[Alpine-info] alpine 2.00 and Exchange 2007
Mark Crispin
mrc+uw at panda.com
Wed Jun 3 13:19:29 PDT 2009
On Wed, 3 Jun 2009, John Hodrien wrote:
> Set-ImapSettings -EnableExactRFC822Size:$true
This was supposed to have been made the default (and only) setting years
ago.
> Otherwise, patching alpine to ignore the size is a reasonable response.
> Alpine only checks to see that you got at least as much as the server
> said you would rather than checking for the exact amount, and since
> there's no checksumming etc, you're already winging it as far as being
> sure it's saved correctly.
IMAP is stream-based, not segment based; TCP and the lower levels take
care of reliable transmission and flow control.
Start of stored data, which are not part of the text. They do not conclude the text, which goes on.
lemma eval_rot13: "eval_tg rot13 = aff_map False lam13 ((1 - lam13) * A2)"
proof -
  obtain m m' where "r 1 = aff_map True (tri_dir A1 A2 A3 1) m" "r 3 = aff_map True (tri_dir A1 A2 A3 3) m'"
    using tri_refl_aff_map by metis
  moreover have "r 1 A2 = A2" "r 3 A2 = A2"
    by (simp_all add: tri_refl_def refl_line_def)
  ultimately show ?thesis
    using eval_tg_rotation[of 1 _ 3 _ A2]
    by (simp add: rot13_def x1_def x3_def abs_tri_group_append tri_dir_def lam13_def)
qed

definition w_shift :: complex where
  "w_shift = (1 - lam12) * (1 - lam13) * (A3 - A2) / lam12"

lemma eval_w_el: "eval_tg w_el = aff_map False 1 w_shift"
proof -
  have "eval_tg w_el = aff_map False (lam13 * (inverse lam12 * (inverse lam13 * lam12)))
     (lam13 * (inverse lam12 * (inverse lam13 * ((1 - lam12) * A3) + - ((1 - lam13) * A2) / lam13) + - ((1 - lam12) * A3) / lam12) + (1 - lam13) * A2)"
    unfolding w_el_eq_commutator eval_tg_add eval_rot12 eval_rot13 aff_map_comp
      eval_tg_uminus[OF eval_rot12 lam_nonzero(1)] eval_tg_uminus[OF eval_rot13 lam_nonzero(2)]
    by simp
  moreover have "lam13 * (inverse lam12 * (inverse lam13 * lam12)) = 1"
    using lam_nonzero by (simp add: field_simps)
  moreover have "lam13 * (inverse lam12 * (inverse lam13 * ((1 - lam12) * A3) + - ((1 - lam13) * A2) / lam13)
      + - ((1 - lam12) * A3) / lam12) + (1 - lam13) * A2 = w_shift"
    using lam_nonzero by (simp add: w_shift_def field_simps)
  ultimately show ?thesis
    by simp
qed

lemma eval_g_el: "\<exists>M. eval_tg (g_el n m) = aff_map False (lam12 powi n * lam13 powi m) M"
proof -
  obtain a where "eval_tg (zpow rot12 n) = aff_map False (lam12 powi n) a"
    using eval_tg_zpow[OF eval_rot12 lam_nonzero(1)] by blast
  moreover obtain b where "eval_tg (zpow rot13 m) = aff_map False (lam13 powi m) b"
    using eval_tg_zpow[OF eval_rot13 lam_nonzero(2)] by blast
  ultimately show ?thesis
    by (auto simp: g_el_def eval_tg_add aff_map_comp mult.commute)
qed

lemma eval_t_el: "eval_tg (t_el p q) = aff_map False 1 (lam12 powi p * lam13 powi q * w_shift)"
proof -
  define l where "l = lam12 powi p * lam13 powi q"
  obtain M where M: "eval_tg (g_el p q) = aff_map False l M"
    using eval_g_el unfolding l_def by blast
  have "l \<noteq> 0"
    using lam_nonzero by (simp add: l_def)
  have "eval_tg (t_el p q) = aff_map False (l * (1 * inverse l)) (l * (1 * (- M / l) + w_shift) + M)"
    unfolding t_el_def conjg_def eval_tg_add M eval_tg_uminus[OF M \<open>l \<noteq> 0\<close>] eval_w_el aff_map_comp
    by simp
  also have "\<dots> = aff_map False 1 (l * w_shift)"
    using \<open>l \<noteq> 0\<close> by (simp add: field_simps)
  finally show ?thesis
    by (simp add: l_def)
qed

lemma eval_t_prod: "eval_tg (t_prod L) =
    aff_map False 1 (sum_list (map (\<lambda>k. of_int (t_sign k) * (lam12 powi fst (t_idx k) * lam13 powi snd (t_idx k)) * w_shift) L))"
proof (induction L)
  case Nil
  then show ?case
    by (simp add: eval_tg_zero aff_map_def fun_eq_iff)
next
  case (Cons k L)
  have "eval_tg (t_signed k) = aff_map False 1 (of_int (t_sign k) * (lam12 powi fst (t_idx k) * lam13 powi snd (t_idx k)) * w_shift)"
    by (cases "snd (snd k)")
       (simp_all add: t_signed_def eval_t_el eval_tg_uminus[OF eval_t_el] t_sign_def t_idx_def)
  then show ?case
    by (simp add: t_prod_Cons eval_tg_add Cons aff_map_comp algebra_simps)
qed

lemma eval_tg_orientation_preserving_part:
  "\<exists>M. eval_tg (zpow rot12 n + zpow rot13 m + t_prod L) = aff_map False (lam12 powi n * lam13 powi m) M"
proof -
  obtain a where "eval_tg (zpow rot12 n) = aff_map False (lam12 powi n) a"
    using eval_tg_zpow[OF eval_rot12 lam_nonzero(1)] by blast
  moreover obtain b where "eval_tg (zpow rot13 m) = aff_map False (lam13 powi m) b"
    using eval_tg_zpow[OF eval_rot13 lam_nonzero(2)] by blast
  moreover obtain T where "eval_tg (t_prod L) = aff_map False 1 T"
    using eval_t_prod by blast
  ultimately show ?thesis
    by (auto simp: eval_tg_add aff_map_comp mult.commute)
qed

end

locale generic_tri = nondegenerate_tri +
  assumes gen: "generic_triangle A1 A2 A3"
begin

lemma lam_independent: "laurent_independent lam12 lam13"
  using generic_triangle_laurent_independent[OF nd gen] by (simp add: lam12_def lam13_def)

lemma lam_powi_eq_1: "lam12 powi n * lam13 powi m = 1 \<Longrightarrow> n = 0 \<and> m = 0"
proof (rule ccontr)
  assume one: "lam12 powi n * lam13 powi m = 1" and nonzero: "\<not> (n = 0 \<and> m = 0)"
  define f where "f e = (if e = (n, m) then 1 else if e = (0, 0) then - 1 else 0 :: int)" for e
  have "(n, m) \<noteq> (0, 0)"
    using nonzero by simp
  then have "laurent_eval f {(n, m), (0, 0)} lam12 lam13 = 0"
    using one by (simp add: laurent_eval_def f_def)
  then show False
    using laurent_independentD[OF lam_independent, of "{(n, m), (0, 0)}" f "(n, m)"] by (simp add: f_def)
qed

lemma w_shift_nonzero: "w_shift \<noteq> 0"
proof -
  have "lam12 \<noteq> 1" "lam13 \<noteq> 1"
    using lam_powi_eq_1[of 1 0] lam_powi_eq_1[of 0 1] by auto
  then show ?thesis
    using lam_nonzero nondegenerate_triangle_distinct[OF nd] by (simp add: w_shift_def)
qed

lemma t_prod_eval_id: "eval_tg (t_prod L) = id \<Longrightarrow> t_prod L = 0"
proof -
  assume "eval_tg (t_prod L) = id"
  then have "sum_list (map (\<lambda>k. of_int (t_sign k) * (lam12 powi fst (t_idx k) * lam13 powi snd (t_idx k)) * w_shift) L) = 0"
    unfolding eval_t_prod by (rule aff_map_False_eq_id[THEN conjunct2])
  then have "w_shift * laurent_eval (exp_sum L) (t_idx ` set L) lam12 lam13 = 0"
    using sum_list_t_sign_eq_exp_sum[of "\<lambda>e. lam12 powi fst e * lam13 powi snd e * w_shift" L]
    by (simp add: laurent_eval_def sum_distrib_left mult_ac)
  then have "laurent_eval (exp_sum L) (t_idx ` set L) lam12 lam13 = 0"
    using w_shift_nonzero by simp
  then have "exp_sum L e = 0" if "e \<in> t_idx ` set L" for e
    using laurent_independentD[OF lam_independent _ _ that] by simp
  then have "\<forall>e. exp_sum L e = 0"
    using exp_sum_outside by blast
  then show "t_prod L = 0"
    by (rule t_prod_eq_0)
qed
The only validation check
that is needed is that of size.
The problem is that Exchange lies about the size. This is a big problem,
since Alpine can split the fetch into multiple smaller requests. Alpine
can detect if Exchange sent a long count, but not a short count (it'll
never try to fetch more bytes than Exchange said were there).
So, you had better set "Prevent Partial Fetching" in your configuration as
well. Otherwise you run the risk of losing data!
> There are other problems that *will* bite. Exchange 2007 will return the
> content-encoding as part of the bodystructure response as NIL.
Bug in Exchange and protocol syntax error. From RFC 3501, page 83:
body-fld-enc = (DQUOTE ("7BIT" / "8BIT" / "BINARY" / "BASE64"/
"QUOTED-PRINTABLE") DQUOTE) / string
> Thunderbird
> seems to interpret this as 7BIT,
Bug in Thunderbird.
> while alpine does not enjoy this, and as a
> result you'll be unable to read some multipart messages. A one line patch to
> alpine fixes this by assuming 7BIT, but it's not ideal.
Basically, it implements the same bug. Your patch is probably relatively
harmless, but there is no guarantee that it won't cause problems in the
future.
> multipart/signed messages result in a broken bodystructure response that
> makes your message unreadable. Save it to a local mailbox and read it
> from there...
Another Exchange bug.
> If you filter on more than about 4 search terms you'll find that you get
> disconnected from Exchange. Exchange returns BAD in response to an
> excessively nested search and disconnects clients who cause too many BAD
> responses (seemingly).
And another....
> If you have a near empty mail folder and received new mail, pine doesn't like
> the response. Effectively you get:
>
> (starting from having one read message in your inbox):
>
> alpine: NOOP
> exchange: RECENT 5
> exchange: EXISTS 6
Another Exchange bug and protocol error. Messages can not be referenced
in any way until they are defined to exist.
Once again, your patch is probably relatively harmless, but there is no
guarantee that it won't cause problems in the future.
Exchange has a more serious bug in that some versions present EXISTS and
EXPUNGE values out of order. That actually causes real harm because the
client will interpret it in the wrong way. There's no way to patch around
that problem; if you can't get a patch from MS to fix the problem in
Exchange you are screwed.
You've only scratched the surface of Exchange bugs...
Microsoft follows the same strategy with IMAP that it has used with HTML,
Kerberos, and other open-standards protocols: adopt, extend, destroy.
They deliberately mis-implemented IMAP with the specific intent of
breaking (non-MS) clients that use anything but the most basic aspects of
IMAP.
MS has no intention of playing nice with non-MS software, and does so only
when forced by governments under heavy threat of legal sanctions. Even
then, they try to worm out of it.
-- Mark --
http://panda.com/mrc
Democracy is two wolves and a sheep deciding what to eat for lunch.
Liberty is a well-armed sheep contesting the vote.